* **Records shown**
text \<open>Relators of G_2 over S_2:
  all relations of H on T; d_i = x_i y_i^-1; x,y,z families pairwise commuting;
  s_1 central in G_1; a_i = x_i z_i; b_i = y_i z_i; s_2^-1 a_i s_2 = b_i.\<close>
definition rels2 :: "('a, 'b) monoid_scheme \<Rightarrow> 'a set \<Rightarrow> (nat \<Rightarrow> 'a) \<Rightarrow> nat \<Rightarrow> ('a gen2 \<times> bool) list set" where
  "rels2 H T d p =
     {map (\<lambda>(t, b). (Tg t, b)) w | w. w \<in> lists (T \<times> UNIV) \<and> word_eval H w = \<one>\<^bsub>H\<^esub>}
   \<union> {[(Tg (d i), False), (Yg i, False), (Xg i, True)] | i. i < p}
   \<union> {commutator (Xg i) (Yg j) | i j. i < p \<and> j < p}
   \<union> {commutator (Xg i) (Zg j) | i j. i < p \<and> j < p}
   \<union> {commutator (Yg i) (Zg j) | i j. i < p \<and> j < p}
   \<union> {commutator S1g g | g. valid2 T p g \<and> g \<noteq> S1g \<and> g \<noteq> S2g}
   \<union> {[(Ag i, False), (Zg i, True), (Xg i, True)] | i. i < p}
   \<union> {[(Bg i, False), (Zg i, True), (Yg i, True)] | i. i < p}
   \<union> {[(S2g, True), (Ag i, False), (S2g, False), (Bg i, True)] | i. i < p}"

text \<open>Word length in G_2 with respect to S_2 of the element represented by w
  (= distance from e in the Cayley graph Gamma(G_2, S_2)).\<close>
definition len2 :: "('a, 'b) monoid_scheme \<Rightarrow> 'a set \<Rightarrow> (nat \<Rightarrow> 'a) \<Rightarrow> nat \<Rightarrow> ('a gen2 \<times> bool) list \<Rightarrow> nat" where
  "len2 H T d p w = (LEAST n. \<exists>w'. (\<forall>l \<in> set w'. valid2 T p (fst l)) \<and> length w' = n
                                   \<and> word_eq (rels2 H T d p) w w')"
lemma ends_in_edge_image:
  assumes "x \<in> K" "y \<in> K" "x \<noteq> y"
  shows "pos x \<in> path_image (g x y)" and "pos y \<in> path_image (g x y)"
  using assms pathstart_in_path_image[of "g x y"] pathfinish_in_path_image[of "g x y"]
  by (simp_all add: edge_start edge_finish)

lemma edges_Int:
  assumes "x \<in> K" "y \<in> K" "u \<in> K" "v \<in> K" "x \<noteq> y" "u \<noteq> v" "{x,y} \<noteq> {u,v}"
  shows "path_image (g x y) \<inter> path_image (g u v) = pos ` ({x,y} \<inter> {u,v})"
proof
  have "pos x \<in> path_image (g x y)" "pos y \<in> path_image (g x y)"
    "pos u \<in> path_image (g u v)" "pos v \<in> path_image (g u v)"
    using assms ends_in_edge_image by auto
  then show "pos ` ({x,y} \<inter> {u,v}) \<subseteq> path_image (g x y) \<inter> path_image (g u v)"
    by auto
qed (rule edges_meet[OF assms])

definition edge_interior :: "'v \<Rightarrow> 'v \<Rightarrow> complex set" where
  "edge_interior x y = path_image (g x y) - {pos x, pos y}"

definition pentagon :: "'v \<Rightarrow> 'v \<Rightarrow> 'v \<Rightarrow> 'v \<Rightarrow> 'v \<Rightarrow> complex set" where
  "pentagon v1 v2 v3 v4 v5 = path_image (g v1 v2) \<union> path_image (g v2 v3) \<union> path_image (g v3 v4)
     \<union> path_image (g v4 v5) \<union> path_image (g v5 v1)"

lemma edge_interior_Int:
  assumes "x \<in> K" "y \<in> K" "u \<in> K" "v \<in> K" "x \<noteq> y" "u \<noteq> v" "{x,y} \<noteq> {u,v}"
  shows "edge_interior x y \<inter> path_image (g u v) = {}"
  using edges_meet[OF assms] unfolding edge_interior_def by blast

lemma edge_interior_inside_or_outside:
  assumes "x \<in> K" "y \<in> K" "x \<noteq> y" "closed T" "edge_interior x y \<inter> T = {}"
  shows "edge_interior x y \<subseteq> inside T \<or> edge_interior x y \<subseteq> outside T"
proof (rule connected_inside_or_outside[OF _ assms(4,5)])
  show "connected (edge_interior x y)"
    using connected_simple_path_endless[OF arc_imp_simple_path[OF edge_arc[OF assms(1-3)]]]
    unfolding edge_interior_def by (simp add: edge_start edge_finish assms)
qed

lemma pentagon_rotate: "pentagon v2 v3 v4 v5 v1 = pentagon v1 v2 v3 v4 v5"
  unfolding pentagon_def by (simp add: Un_ac)

text \<open>The paths \<open>v\<^sub>1 v\<^sub>2 v\<^sub>3\<close> and \<open>v\<^sub>1 v\<^sub>5 v\<^sub>4 v\<^sub>3\<close> together with the chord
  \<open>v\<^sub>1 v\<^sub>3\<close> form a theta graph, crossed by the chord \<open>v\<^sub>2 v\<^sub>4\<close>.\<close>
lemma crossing_chords_not_same_side:
  assumes dist: "distinct [v1,v2,v3,v4,v5]" and K: "{v1,v2,v3,v4,v5} \<subseteq> K"
    and S: "S = inside (pentagon v1 v2 v3 v4 v5) \<or> S = outside (pentagon v1 v2 v3 v4 v5)"
    and chords: "edge_interior v1 v3 \<subseteq> S" "edge_interior v2 v4 \<subseteq> S"
  shows False
proof -
  have inK: "v1 \<in> K" "v2 \<in> K" "v3 \<in> K" "v4 \<in> K" "v5 \<in> K"
    using K by auto
  have dist_rev: "distinct [v5,v4,v3,v2,v1]"
    using dist by auto
  note vs = inK dist dist_rev
  note edge = edge_arc edge_start edge_finish
  have meet: "path_image (g x y) \<inter> path_image (g u v) = pos ` ({x,y} \<inter> {u,v})"
    if "x \<in> K" "y \<in> K" "u \<in> K" "v \<in> K" "x \<noteq> y" "u \<noteq> v" "\<not> (x = u \<and> y = v \<or> x = v \<and> y = u)"
    for x y u v
    using edges_Int that by (simp add: doubleton_eq_iff)
  define p where "p = g v1 v2 +++ g v2 v3"
  define q where "q = g v1 v5 +++ (g v5 v4 +++ g v4 v3)"
  have arc_p: "arc p"
    unfolding p_def using vs by (intro arc_join edge) (simp_all add: meet Int_insert_left edge)
  have arc_q: "arc q"
    unfolding q_def using vs
    by (intro arc_join edge) (simp_all add: meet Int_insert_left edge path_image_join Int_Un_distrib)
  have img_p: "path_image p = path_image (g v1 v2) \<union> path_image (g v2 v3)"
    unfolding p_def using vs by (auto simp: path_image_join edge)
  have img_q: "path_image q = path_image (g v1 v5) \<union> path_image (g v5 v4) \<union> path_image (g v4 v3)"
    unfolding q_def using vs by (auto simp: path_image_join edge Un_assoc)
  have ends_pq: "pathstart p = pos v1" "pathfinish p = pos v3" "pathstart q = pos v1" "pathfinish q = pos v3"
    unfolding p_def q_def using vs by (simp_all add: edge)
  interpret theta_crossing "pos v1" "pos v3" p q "g v1 v3" "g v2 v4" "pos v2" "pos v4"
    using vs arc_p arc_q
    by unfold_locales
      (simp_all add: img_p img_q ends_pq edge ends_in_edge_image inj_on_eq_iff[OF inj_pos]
        doubleton_eq_iff meet Int_Un_distrib Int_Un_distrib2 Int_insert_left)
  have "pentagon v1 v2 v3 v4 v5 = path_image p \<union> path_image q"
    unfolding pentagon_def img_p img_q using vs edge_image_commute by (auto simp: Un_ac)
  then show False
    using not_same_side S chords unfolding edge_interior_def by auto
qed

* **What this task involves**
Copy the lines above exactly, beginning at the line that has "unfolding edge_interior_def by (simp" and stopping after the line that has "by unfold_locales", and omit the rest.

* **Result for this exercise**
    unfolding edge_interior_def by (simp add: edge_start edge_finish assms)
qed

lemma pentagon_rotate: "pentagon v2 v3 v4 v5 v1 = pentagon v1 v2 v3 v4 v5"
  unfolding pentagon_def by (simp add: Un_ac)

text \<open>The paths \<open>v\<^sub>1 v\<^sub>2 v\<^sub>3\<close> and \<open>v\<^sub>1 v\<^sub>5 v\<^sub>4 v\<^sub>3\<close> together with the chord
  \<open>v\<^sub>1 v\<^sub>3\<close> form a theta graph, crossed by the chord \<open>v\<^sub>2 v\<^sub>4\<close>.\<close>
lemma crossing_chords_not_same_side:
  assumes dist: "distinct [v1,v2,v3,v4,v5]" and K: "{v1,v2,v3,v4,v5} \<subseteq> K"
    and S: "S = inside (pentagon v1 v2 v3 v4 v5) \<or> S = outside (pentagon v1 v2 v3 v4 v5)"
    and chords: "edge_interior v1 v3 \<subseteq> S" "edge_interior v2 v4 \<subseteq> S"
  shows False
proof -
  have inK: "v1 \<in> K" "v2 \<in> K" "v3 \<in> K" "v4 \<in> K" "v5 \<in> K"
    using K by auto
  have dist_rev: "distinct [v5,v4,v3,v2,v1]"
    using dist by auto
  note vs = inK dist dist_rev
  note edge = edge_arc edge_start edge_finish
  have meet: "path_image (g x y) \<inter> path_image (g u v) = pos ` ({x,y} \<inter> {u,v})"
    if "x \<in> K" "y \<in> K" "u \<in> K" "v \<in> K" "x \<noteq> y" "u \<noteq> v" "\<not> (x = u \<and> y = v \<or> x = v \<and> y = u)"
    for x y u v
    using edges_Int that by (simp add: doubleton_eq_iff)
  define p where "p = g v1 v2 +++ g v2 v3"
  define q where "q = g v1 v5 +++ (g v5 v4 +++ g v4 v3)"
  have arc_p: "arc p"
    unfolding p_def using vs by (intro arc_join edge) (simp_all add: meet Int_insert_left edge)
  have arc_q: "arc q"
    unfolding q_def using vs
    by (intro arc_join edge) (simp_all add: meet Int_insert_left edge path_image_join Int_Un_distrib)
  have img_p: "path_image p = path_image (g v1 v2) \<union> path_image (g v2 v3)"
    unfolding p_def using vs by (auto simp: path_image_join edge)
  have img_q: "path_image q = path_image (g v1 v5) \<union> path_image (g v5 v4) \<union> path_image (g v4 v3)"
    unfolding q_def using vs by (auto simp: path_image_join edge Un_assoc)
  have ends_pq: "pathstart p = pos v1" "pathfinish p = pos v3" "pathstart q = pos v1" "pathfinish q = pos v3"
    unfolding p_def q_def using vs by (simp_all add: edge)
  interpret theta_crossing "pos v1" "pos v3" p q "g v1 v3" "g v2 v4" "pos v2" "pos v4"
    using vs arc_p arc_q
    by unfold_locales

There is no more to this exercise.